• **WHAT IS EXPECTED**:
From the data underneath, reproduce exactly the stretch that begins at the line with "z \<le> sqrt" and ends after the line with "real \<Rightarrow> real".

Top of EXTRACTED INFORMATION

lemma sum_card_strips_le:
  fixes p :: "'a \<Rightarrow> real"
  assumes "finite D" "0 < \<delta>"
  shows "(\<Sum>k<m. card {d\<in>D. a + (real k - 1) * \<delta> \<le> p d \<and> p d \<le> a + (real k + 2) * \<delta>})
         \<le> 4 * card D"
proof -
  define P where "P d k \<longleftrightarrow> a + (real k - 1) * \<delta> \<le> p d \<and> p d \<le> a + (real k + 2) * \<delta>" for d k
  have "(\<Sum>k<m. card {d\<in>D. P d k}) = (\<Sum>k<m. \<Sum>d\<in>D. if P d k then 1 else 0)"
    by (simp add: sum.inter_filter[OF assms(1), symmetric])
  also have "\<dots> = (\<Sum>d\<in>D. card {k\<in>{..<m}. P d k})"
    by (subst sum.swap) (simp add: sum.inter_filter[symmetric])
  also have "\<dots> \<le> (\<Sum>d\<in>D. 4)"
  proof (rule sum_mono)
    fix d
    define r where "r = (p d - a) / \<delta> - 2"
    have "r \<le> real k \<and> real k \<le> r + real 3" if "P d k" for k
    proof -
      from that have "p d - a \<le> (real k + 2) * \<delta>" "(real k - 1) * \<delta> \<le> p d - a"
        by (auto simp: P_def)
      then have "(p d - a) / \<delta> \<le> real k + 2" "real k - 1 \<le> (p d - a) / \<delta>"
        using assms(2) by (simp_all only: pos_divide_le_eq pos_le_divide_eq)
      then show ?thesis by (simp add: r_def)
    qed
    then have "{k\<in>{..<m}. P d k} \<subseteq> {k. r \<le> real k \<and> real k \<le> r + real 3}"
      by blast
    from card_nat_interval_le[OF this] show "card {k\<in>{..<m}. P d k} \<le> 4" by simp
  qed
  finally show ?thesis unfolding P_def by simp
qed

lemma abs_diff_le_of_graph_cover:
  assumes "connected S" "continuous_on S g" "finite D"
    and cover: "graph_on g S \<subseteq> (\<Union>d\<in>D. cball d \<delta>)"
    and "x \<in> S" "x' \<in> S"
  shows "\<bar>g x - g x'\<bar> \<le> 2 * \<delta> * card D"
proof -
  define p q where "p = min (g x) (g x')" and "q = max (g x) (g x')"
  have "(x, g x) \<in> (\<Union>d\<in>D. cball d \<delta>)"
    using \<open>x \<in> S\<close> by (intro subsetD[OF cover]) (simp add: graph_on_def)
  then have "0 \<le> \<delta>" by (auto intro: order_trans[OF zero_le_dist])
  have "{p..q} \<subseteq> g ` S"
    using connected_continuous_image[OF assms(2,1)] \<open>x \<in> S\<close> \<open>x' \<in> S\<close>
    by (intro connected_contains_Icc) (auto simp: p_def q_def min_def max_def)
  also have "g ` S \<subseteq> (\<Union>y\<in>snd ` D. {y - \<delta>..y + \<delta>})"
  proof
    fix y assume "y \<in> g ` S"
    then obtain z where "z \<in> S" "y = g z" by blast
    then have "(z, y) \<in> graph_on g S" unfolding graph_on_def by blast
    then have "(z, y) \<in> (\<Union>d\<in>D. cball d \<delta>)" by (rule subsetD[OF cover])
    then obtain d where "d \<in> D" "dist d (z, y) \<le> \<delta>" by auto
    moreover have "dist (snd d) y \<le> dist d (z, y)" using dist_snd_le[of d "(z, y)"] by simp
    ultimately have "snd d \<in> snd ` D" "y \<in> {snd d - \<delta>..snd d + \<delta>}"
      by (auto simp: dist_real_def abs_le_iff)
    then show "y \<in> (\<Union>y\<in>snd ` D. {y - \<delta>..y + \<delta>})" by blast
  qed
  finally have "q - p \<le> 2 * \<delta> * card (snd ` D)"
    using \<open>0 \<le> \<delta>\<close> assms(3) by (intro Icc_length_le_card_cover) (auto simp: p_def q_def)
  also have "\<dots> \<le> 2 * \<delta> * card D"
    using card_image_le[OF assms(3), of snd] \<open>0 \<le> \<delta>\<close> by (simp add: mult_left_mono)
  finally show ?thesis unfolding p_def q_def by linarith
qed

lemma cover_num_graph_le_oscillation:
  assumes "0 < \<delta>" "0 \<le> R" "S \<subseteq> {l..l + \<delta>}"
    and osc: "\<And>x y. x \<in> S \<Longrightarrow> y \<in> S \<Longrightarrow> \<bar>h x - h y\<bar> \<le> R"
  shows "real (cover_num \<delta> (graph_on h S)) \<le> 2 * R / \<delta> + 2"
proof (cases "S = {}")
  case True
  then have "cover_num \<delta> (graph_on h S) = 0"
    using cover_num_le[of "{}" "graph_on h S" \<delta>] by (simp add: graph_on_def)
  with assms(1,2) show ?thesis by simp
next
  case False
  then obtain y where "y \<in> S" by blast
  define T where "T = nat \<lceil>2 * R / \<delta>\<rceil>"
  define C where "C = (\<lambda>t. (l + \<delta> / 2, h y - R + real t * \<delta>)) ` {..T}"
  have "graph_on h S \<subseteq> (\<Union>c\<in>C. cball c \<delta>)"
  proof
    fix z assume "z \<in> graph_on h S"
    then obtain x where x: "x \<in> S" "z = (x, h x)" unfolding graph_on_def by blast
    define w where "w = (h x - h y + R) / \<delta>"
    define t where "t = nat \<lfloor>w + 1 / 2\<rfloor>"
    have "0 \<le> w" "w \<le> 2 * R / \<delta>"
      using osc[OF x(1) \<open>y \<in> S\<close>] assms(1) by (auto simp: w_def abs_le_iff divide_right_mono)
    then have "\<bar>real t - w\<bar> \<le> 1 / 2" "t \<le> T"
      unfolding t_def T_def by linarith+
    then have "\<bar>h y - R + real t * \<delta> - h x\<bar> \<le> \<delta> / 2"
      using assms(1) by (simp add: w_def field_simps abs_le_iff)
    moreover have "\<bar>l + \<delta> / 2 - x\<bar> \<le> \<delta> / 2"
      using assms(3) x(1) unfolding abs_le_iff by auto
    ultimately have "dist (l + \<delta> / 2, h y - R + real t * \<delta>) z \<le> sqrt ((\<delta> / 2)\<^sup>2 + (\<delta> / 2)\<^sup>2)"
      unfolding x(2) dist_Pair_Pair dist_real_def
      by (intro real_sqrt_le_mono add_mono power_mono) auto
    also have "\<dots> \<le> \<delta>"
      using assms(1) by (simp add: real_le_lsqrt power2_eq_square)
    finally show "z \<in> (\<Union>c\<in>C. cball c \<delta>)"
      using \<open>t \<le> T\<close> unfolding C_def by force
  qed
  then have "cover_num \<delta> (graph_on h S) \<le> card C"
    by (rule cover_num_le[rotated]) (simp add: C_def)
  also have "card C \<le> T + 1"
    unfolding C_def using card_image_le[of "{..T}"] by simp
  finally have "real (cover_num \<delta> (graph_on h S)) \<le> real T + 1" by simp
  also have "\<dots> \<le> 2 * R / \<delta> + 2"
  proof -
    have "0 \<le> 2 * R / \<delta>" using assms(1,2) by simp
    then have "real T = of_int \<lceil>2 * R / \<delta>\<rceil>" by (simp add: T_def)
    with ceiling_correct[of "2 * R / \<delta>"] show ?thesis by linarith
  qed
  finally show ?thesis .
qed

definition grid_column :: "real \<Rightarrow> real \<Rightarrow> real \<Rightarrow> nat \<Rightarrow> real set" where
  "grid_column a b \<delta> k = {a..b} \<inter> {a + real k * \<delta> .. a + real k * \<delta> + \<delta>}"

lemma grid_column_eq_Icc:
  "grid_column a b \<delta> k = {max a (a + real k * \<delta>) .. min b (a + real k * \<delta> + \<delta>)}"
  unfolding grid_column_def by (rule Int_atLeastAtMost)
(* Let $k\geq 2$ and let $T_0,T_1,\dots,T_{k-1}$ be subtrees of a rooted arc-weighted tree $T$, with $T_k:=T_0$, such that $T_i$ does not overshadow $T_{i+1}$ for every $i=0,\dots,k-1$. Then the collection $\{T_1,\dots,T_k\}$ is not compatible, i.e., there are two trees in it neither of which overshadows the other.
   Context: $T$ is a rooted tree whose arcs carry positive integer weights; the depth of a node is the sum of arc weights on its path to the root. A subtree is a connected node set of $T$. For subtrees $T_1,T_2$, $T_1$ overshadows $T_2$ if every node of $T_2\setminus T_1$ has depth strictly greater than every node of $T_2\cap T_1$. Two subtrees are compatible if one overshadows the other; a collection is compatible if every two of its members are compatible. *)

theory Defs
  imports Main
begin

text \<open>The arc from a
  non-root node v to its parent par v carries the weight w v.\<close>

definition rooted_tree :: "'a set \<Rightarrow> 'a \<Rightarrow> ('a \<Rightarrow> 'a) \<Rightarrow> bool" where
  "rooted_tree V r par \<longleftrightarrow> r \<in> V \<and> (\<forall>v\<in>V - {r}. par v \<in> V)
     \<and> (\<forall>v\<in>V. \<exists>n. (par ^^ n) v = r)"

definition positive_weights :: "'a set \<Rightarrow> 'a \<Rightarrow> ('a \<Rightarrow> nat) \<Rightarrow> bool" where
  "positive_weights V r w \<longleftrightarrow> (\<forall>v\<in>V - {r}. w v > 0)"

definition height :: "'a \<Rightarrow> ('a \<Rightarrow> 'a) \<Rightarrow> 'a \<Rightarrow> nat" where
  "height r par v = (LEAST n. (par ^^ n) v = r)"

definition depth :: "'a \<Rightarrow> ('a \<Rightarrow> 'a) \<Rightarrow> ('a \<Rightarrow> nat) \<Rightarrow> 'a \<Rightarrow> nat" where
  "depth r par w v = (\<Sum>i<height r par v. w ((par ^^ i) v))"

definition adj_in :: "'a \<Rightarrow> ('a \<Rightarrow> 'a) \<Rightarrow> 'a set \<Rightarrow> 'a \<Rightarrow> 'a \<Rightarrow> bool" where
  "adj_in r par S x y \<longleftrightarrow> x \<in> S \<and> y \<in> S \<and> ((x \<noteq> r \<and> par x = y) \<or> (y \<noteq> r \<and> par y = x))"

definition subtree :: "'a set \<Rightarrow> 'a \<Rightarrow> ('a \<Rightarrow> 'a) \<Rightarrow> 'a set \<Rightarrow> bool" where
  "subtree V r par S \<longleftrightarrow> S \<subseteq> V \<and> S \<noteq> {} \<and>
     (\<forall>x\<in>S. \<forall>y\<in>S. (adj_in r par S)\<^sup>*\<^sup>* x y)"

definition overshadows :: "'a \<Rightarrow> ('a \<Rightarrow> 'a) \<Rightarrow> ('a \<Rightarrow> nat) \<Rightarrow> 'a set \<Rightarrow> 'a set \<Rightarrow> bool" where
  "overshadows r par w T1 T2 \<longleftrightarrow>
     (\<forall>x\<in>T2 - T1. \<forall>y\<in>T2 \<inter> T1. depth r par w y < depth r par w x)"

definition compatible :: "'a \<Rightarrow> ('a \<Rightarrow> 'a) \<Rightarrow> ('a \<Rightarrow> nat) \<Rightarrow> 'a set set \<Rightarrow> bool" where
  "compatible r par w C \<longleftrightarrow>
     (\<forall>A\<in>C. \<forall>B\<in>C. overshadows r par w A B \<or> overshadows r par w B A)"

end

theory Submission
  imports Defs
begin

text \<open>If the collection were compatible, then T_(i+1) would overshadow T_i for every i,
  while each failure of T_i to overshadow T_(i+1) yields a node x_i of T_(i+1) - T_i
  no deeper than some common node y_i.  Cut every tree at the smallest depth h of the y_i:
  as T_(i+1) overshadows T_i, the part of T_i of depth at most h lies in T_(i+1).
  Going once around the cycle, all these truncations coincide, yet the truncation of
  T_(j+1) contains x_j for the index j attaining h.\<close>

lemma cyclic_chain_subset:
  fixes S :: "nat \<Rightarrow> 'b set"
  assumes chain: "\<forall>i<k. S i \<subseteq> S ((i + 1) mod k)" and "i < k" and "j < k"
  shows "S i \<subseteq> S j"
proof -
  have walk: "S i \<subseteq> S ((i + n) mod k)" for n
  proof (induction n)
    case 0
    then show ?case using \<open>i < k\<close> by simp
  next
    case (Suc n)
    have "S ((i + n) mod k) \<subseteq> S (((i + n) mod k + 1) mod k)"
      using chain \<open>i < k\<close> by simp
    also have "((i + n) mod k + 1) mod k = (i + Suc n) mod k"
      by (simp add: mod_Suc_eq)
    finally show ?case using Suc by blast
  qed
  have "(i + (j + k - i)) mod k = j"
    using \<open>i < k\<close> \<open>j < k\<close> by simp
  then show ?thesis using walk[of "j + k - i"] by simp
qed

lemma not_overshadows_witnesses:
  assumes "\<not> overshadows r par w A B"
  obtains x y where "x \<in> B - A" "y \<in> B \<inter> A" "depth r par w x \<le> depth r par w y"
proof -
  obtain x y where "x \<in> B - A" and "y \<in> B \<inter> A"
    and "\<not> depth r par w y < depth r par w x"
    using assms unfolding overshadows_def by blast
  then show thesis using that by simp
qed

lemma overshadows_truncation_subset:
  assumes "overshadows r par w A B" and "y \<in> B \<inter> A" and "h \<le> depth r par w y"
  shows "{v \<in> B. depth r par w v \<le> h} \<subseteq> A"
proof
  fix v assume v: "v \<in> {v \<in> B. depth r par w v \<le> h}"
  show "v \<in> A"
  proof (rule ccontr)
    assume "v \<notin> A"
    then have "depth r par w y < depth r par w v"
      using assms(1,2) v unfolding overshadows_def by blast
    then show False using assms(3) v by simp
  qed
qed

lemma overshadows_cycle_impossible:
  fixes k :: nat and T :: "nat \<Rightarrow> 'a set"
  assumes "k > 0"
    and converse: "\<And>i. i < k \<Longrightarrow> overshadows r par w (T ((i + 1) mod k)) (T i)"
    and not_forward: "\<And>i. i < k \<Longrightarrow> \<not> overshadows r par w (T i) (T ((i + 1) mod k))"
  shows False
proof -
  let ?d = "depth r par w"
  have "\<exists>x y. x \<in> T ((i + 1) mod k) - T i \<and> y \<in> T ((i + 1) mod k) \<inter> T i
      \<and> ?d x \<le> ?d y" if "i < k" for i
    using not_forward[OF that] by (meson not_overshadows_witnesses)
  then obtain x y where xy: "\<And>i. i < k \<Longrightarrow> x i \<in> T ((i + 1) mod k) - T i
      \<and> y i \<in> T ((i + 1) mod k) \<inter> T i \<and> ?d (x i) \<le> ?d (y i)"
    by metis
  obtain j where "j < k" and j_min: "\<And>i. i < k \<Longrightarrow> ?d (y j) \<le> ?d (y i)"
    using ex_has_least_nat[of "\<lambda>i. i < k" 0 "\<lambda>i. ?d (y i)"] \<open>k > 0\<close> by auto
  define S where "S i = {v \<in> T i. ?d v \<le> ?d (y j)}" for i
  have "S i \<subseteq> S ((i + 1) mod k)" if "i < k" for i
  proof -
    have "y i \<in> T i \<inter> T ((i + 1) mod k)" and "?d (y j) \<le> ?d (y i)"
      using xy[OF that] j_min[OF that] by auto
    then have "S i \<subseteq> T ((i + 1) mod k)"
      unfolding S_def by (rule overshadows_truncation_subset[OF converse[OF that]])
    then show ?thesis unfolding S_def by blast
  qed
  then have "S ((j + 1) mod k) \<subseteq> S j"
    using cyclic_chain_subset[of k S "(j + 1) mod k" j] \<open>j < k\<close> by simp
  moreover have "x j \<in> S ((j + 1) mod k)" and "x j \<notin> T j"
    using xy[OF \<open>j < k\<close>] unfolding S_def by auto
  ultimately show False unfolding S_def by blast
qed

theorem lemma3:
  fixes V :: "'a set" and r :: 'a and par :: "'a \<Rightarrow> 'a" and w :: "'a \<Rightarrow> nat"
    and k :: nat and T :: "nat \<Rightarrow> 'a set"
  assumes "rooted_tree V r par"
    and "positive_weights V r w"
    and "k \<ge> 2"
    and "\<forall>i<k. subtree V r par (T i)"
    and "\<forall>i<k. \<not> overshadows r par w (T i) (T ((i + 1) mod k))"
  shows "\<not> compatible r par w (T ` {..<k})"
proof
  assume compatible: "compatible r par w (T ` {..<k})"
  have converse: "overshadows r par w (T ((i + 1) mod k)) (T i)" if "i < k" for i
  proof -
    have "T i \<in> T ` {..<k}" and "T ((i + 1) mod k) \<in> T ` {..<k}"
      using that by auto
    then show ?thesis
      using compatible assms(5) that unfolding compatible_def by blast
  qed
  show False
    using converse assms(3,5) by (intro overshadows_cycle_impossible[of k r par w T]) auto
qed

end
(* Let $B\subset\mathbb{R}^n$, $n\geq2$, be a ball of radius $R\leq R_m$. Let $u\in H^2(B)$ satisfy $(\Delta+k^2)u=\varphi$ for some $\varphi\in C^\alpha(\overline B)$, $0\leq\alpha\leq1$, and $k\geq0$. If $u\in H^2_0(B)$, then \[ \sup_{\partial B}|\varphi|\leq C R^\alpha\|\varphi\|_{C^\alpha(\overline B)} \] for some finite constant $C=C(n,R_m,k)$ depending only on $n,R_m,k$.
   Context: $\|\cdot\|_{C^\alpha}$ denotes the standard Hölder norm; $H^2_0(B)$ is the closure of $C_c^\infty(B)$ in $H^2(B)$. *)

theory Defs
  imports "HOL-Analysis.Analysis"
begin

definition partial :: "'n::finite \<Rightarrow> (real^'n \<Rightarrow> real) \<Rightarrow> real^'n \<Rightarrow> real" where
  "partial i f x = deriv (\<lambda>t. f (x + t *\<^sub>R axis i 1)) 0"

definition iter_partial :: "'n::finite list \<Rightarrow> (real^'n \<Rightarrow> real) \<Rightarrow> real^'n \<Rightarrow> real" where
  "iter_partial is f = foldr partial is f"

definition smooth_fun :: "(real^'n::finite \<Rightarrow> real) \<Rightarrow> bool" where
  "smooth_fun f \<longleftrightarrow> (\<forall>is. continuous_on UNIV (iter_partial is f) \<and>
      (\<forall>i x. (\<lambda>t. iter_partial is f (x + t *\<^sub>R axis i 1)) differentiable (at 0)))"

definition test_fun :: "(real^'n::finite) set \<Rightarrow> (real^'n \<Rightarrow> real) \<Rightarrow> bool" where
  "test_fun U \<psi> \<longleftrightarrow> smooth_fun \<psi> \<and> compact (closure {x. \<psi> x \<noteq> 0})
      \<and> closure {x. \<psi> x \<noteq> 0} \<subseteq> U"

definition L2_on :: "(real^'n::finite) set \<Rightarrow> (real^'n \<Rightarrow> real) \<Rightarrow> bool" where
  "L2_on U f \<longleftrightarrow> set_borel_measurable lebesgue U f \<and> set_integrable lebesgue U (\<lambda>x. (f x)\<^sup>2)"

definition weak_deriv :: "(real^'n::finite) set \<Rightarrow> 'n list \<Rightarrow> (real^'n \<Rightarrow> real) \<Rightarrow> (real^'n \<Rightarrow> real) \<Rightarrow> bool" where
  "weak_deriv U is u g \<longleftrightarrow> (\<forall>\<psi>. test_fun U \<psi> \<longrightarrow>
      (LINT x:U|lebesgue. u x * iter_partial is \<psi> x) = (-1) ^ length is * (LINT x:U|lebesgue. g x * \<psi> x))"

Bottom of EXTRACTED INFORMATION

• **FINISHED EXERCISE**:
    ultimately have "dist (l + \<delta> / 2, h y - R + real t * \<delta>) z \<le> sqrt ((\<delta> / 2)\<^sup>2 + (\<delta> / 2)\<^sup>2)"
      unfolding x(2) dist_Pair_Pair dist_real_def
      by (intro real_sqrt_le_mono add_mono power_mono) auto
    also have "\<dots> \<le> \<delta>"
      using assms(1) by (simp add: real_le_lsqrt power2_eq_square)
    finally show "z \<in> (\<Union>c\<in>C. cball c \<delta>)"
      using \<open>t \<le> T\<close> unfolding C_def by force
  qed
  then have "cover_num \<delta> (graph_on h S) \<le> card C"
    by (rule cover_num_le[rotated]) (simp add: C_def)
  also have "card C \<le> T + 1"
    unfolding C_def using card_image_le[of "{..T}"] by simp
  finally have "real (cover_num \<delta> (graph_on h S)) \<le> real T + 1" by simp
  also have "\<dots> \<le> 2 * R / \<delta> + 2"
  proof -
    have "0 \<le> 2 * R / \<delta>" using assms(1,2) by simp
    then have "real T = of_int \<lceil>2 * R / \<delta>\<rceil>" by (simp add: T_def)
    with ceiling_correct[of "2 * R / \<delta>"] show ?thesis by linarith
  qed
  finally show ?thesis .
qed

definition grid_column :: "real \<Rightarrow> real \<Rightarrow> real \<Rightarrow> nat \<Rightarrow> real set" where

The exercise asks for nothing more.